Os usos variados que os habitantes fazem da cidade, os conflitos entre o desenvolvimento econômico e o patrimônio arquitetônico, a complexidade de planos e situações que decorrem do relevo urbano – tudo isso faz parte das imagens. Eventos cotidianos, como os deslocamentos diários ou os passeios de fim de semana, convivem com fatos extraordinários, como um dos vários protestos do último ano ou o incêndio no Memorial da América Latina. Cartões-postais como o Museu de Arte de São Paulo dividem a atenção com lugares menos reconhecíveis, como a praça do Pôr do Sol ou os arredores da avenida Jornalista Roberto Marinho.
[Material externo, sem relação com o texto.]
lemma quartic_coeffs_eq:
  fixes a0 a1 a2 a3 a4 b0 b1 b2 b3 b4 :: real
  assumes "\<And>y. a0 + a1 * y + a2 * y^2 + a3 * y^3 + a4 * y^4 = b0 + b1 * y + b2 * y^2 + b3 * y^3 + b4 * y^4"
  shows "a0 = b0 \<and> a1 = b1 \<and> a2 = b2 \<and> a3 = b3 \<and> a4 = b4"
  using assms[of 0] assms[of 1] assms[of "-1"] assms[of 2] assms[of "-2"] by simp

lemma sum_squares_quadratic_expand:
  fixes A B C :: "nat \<Rightarrow> real"
  shows "(\<Sum>j<m. (C j + B j * y + A j * y^2)^2) =
    (\<Sum>j<m. C j ^ 2) + (2 * (\<Sum>j<m. B j * C j)) * y + ((\<Sum>j<m. B j ^ 2) + 2 * (\<Sum>j<m. A j * C j)) * y^2
    + (2 * (\<Sum>j<m. A j * B j)) * y^3 + (\<Sum>j<m. A j ^ 2) * y^4"
proof -
  have "(C j + B j * y + A j * y^2)^2 = C j ^ 2 + (2 * (B j * C j)) * y + (B j ^ 2 + 2 * (A j * C j)) * y^2
    + (2 * (A j * B j)) * y^3 + A j ^ 2 * y^4" for j
    by algebra
  then show ?thesis
    by (simp add: sum.distrib sum_distrib_left sum_distrib_right ring_distribs)
qed

lemma poly2_deg_coeffs_in_y:
  assumes "poly2_deg t p"
  obtains K :: "nat \<Rightarrow> real poly"
  where "\<And>b. t < b \<Longrightarrow> K b = 0" and "\<And>x y. p x y = (\<Sum>b\<le>t. poly (K b) x * y ^ b)"
proof -
  obtain c where c: "\<And>x y. p x y = (\<Sum>a\<le>t. \<Sum>b\<le>t - a. c a b * x ^ a * y ^ b)"
    using assms unfolding poly2_deg_def by blast
  define K where "K b = (if b \<le> t then \<Sum>a\<le>t - b. monom (c a b) a else 0)" for b
  have "K b = 0" if "t < b" for b
    using that by (simp add: K_def)
  moreover have "p x y = (\<Sum>b\<le>t. poly (K b) x * y ^ b)" for x y
  proof -
    have "p x y = (\<Sum>(a, b)\<in>Sigma {..t} (\<lambda>a. {..t - a}). c a b * x ^ a * y ^ b)"
      by (simp add: c sum.Sigma)
    also have "Sigma {..t} (\<lambda>a. {..t - a}) = (\<lambda>(b, a). (a, b)) ` Sigma {..t} (\<lambda>b. {..t - b})"
      by auto
    also have "(\<Sum>(a, b)\<in>\<dots>. c a b * x ^ a * y ^ b) = (\<Sum>b\<le>t. \<Sum>a\<le>t - b. c a b * x ^ a * y ^ b)"
      by (subst sum.reindex) (auto simp: inj_on_def sum.Sigma case_prod_unfold)
    also have "\<dots> = (\<Sum>b\<le>t. poly (K b) x * y ^ b)"
      by (intro sum.cong) (simp_all add: K_def poly_sum poly_monom sum_distrib_right)
    finally show ?thesis .
  qed
  ultimately show ?thesis using that by blast
qed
Estamos olhando para o espaço e o tempo da cidade, aquilo que lhe dá corpo e vida.

Parte da frustração e do fascínio que São Paulo exerce sobre seus habitantes vem de seu ciclo de evolução acelerado e da dificuldade em controlar inteiramente o espaço urbano. É o que sugere a fotografia tirada no largo da Batata, ao mostrar um importante entroncamento da cidade ao mesmo tempo em reforma e em ruína. Tão logo surgem, as construções de São Paulo já parecem velhas, como se precisassem ser constantemente substituídas, numa espiral de renovação que não vê fim.

As fotografias de Restiffe apresentam uma complexidade de situações urbanas, algumas claramente visíveis, outras menos. Mesmo que os planejadores de uma cidade fossem indiferentes ao espaço, acreditava o antropólogo Claude Lévi-Strauss, as cidades seriam o produto de uma estrutura mental subjacente, uma ordem quase fora de alcance, que se insinuaria sobre os domínios vagos para se expressar de forma simbólica ou real, “um pouco como as preocupações inconscientes se aproveitam do sono para se exprimir”.

Depois de percorrer e fotografar exaustivamente São Paulo, Restiffe talvez tenha intuído uma ordem própria. Ao expor a complexa interação entre o espaço, as pessoas e a arquitetura, ao sugerir que a experiência urbana é uma realidade fragmentada, definida por microscópicos grãos de prata, o fotógrafo age como um planejador inconsciente, um artista que, talvez sem perceber, constrói uma nova forma visual para representar a cidade.

Thyago Nogueira, curador e coordenador da área de Fotografia Contemporânea do Instituto Moreira Salles.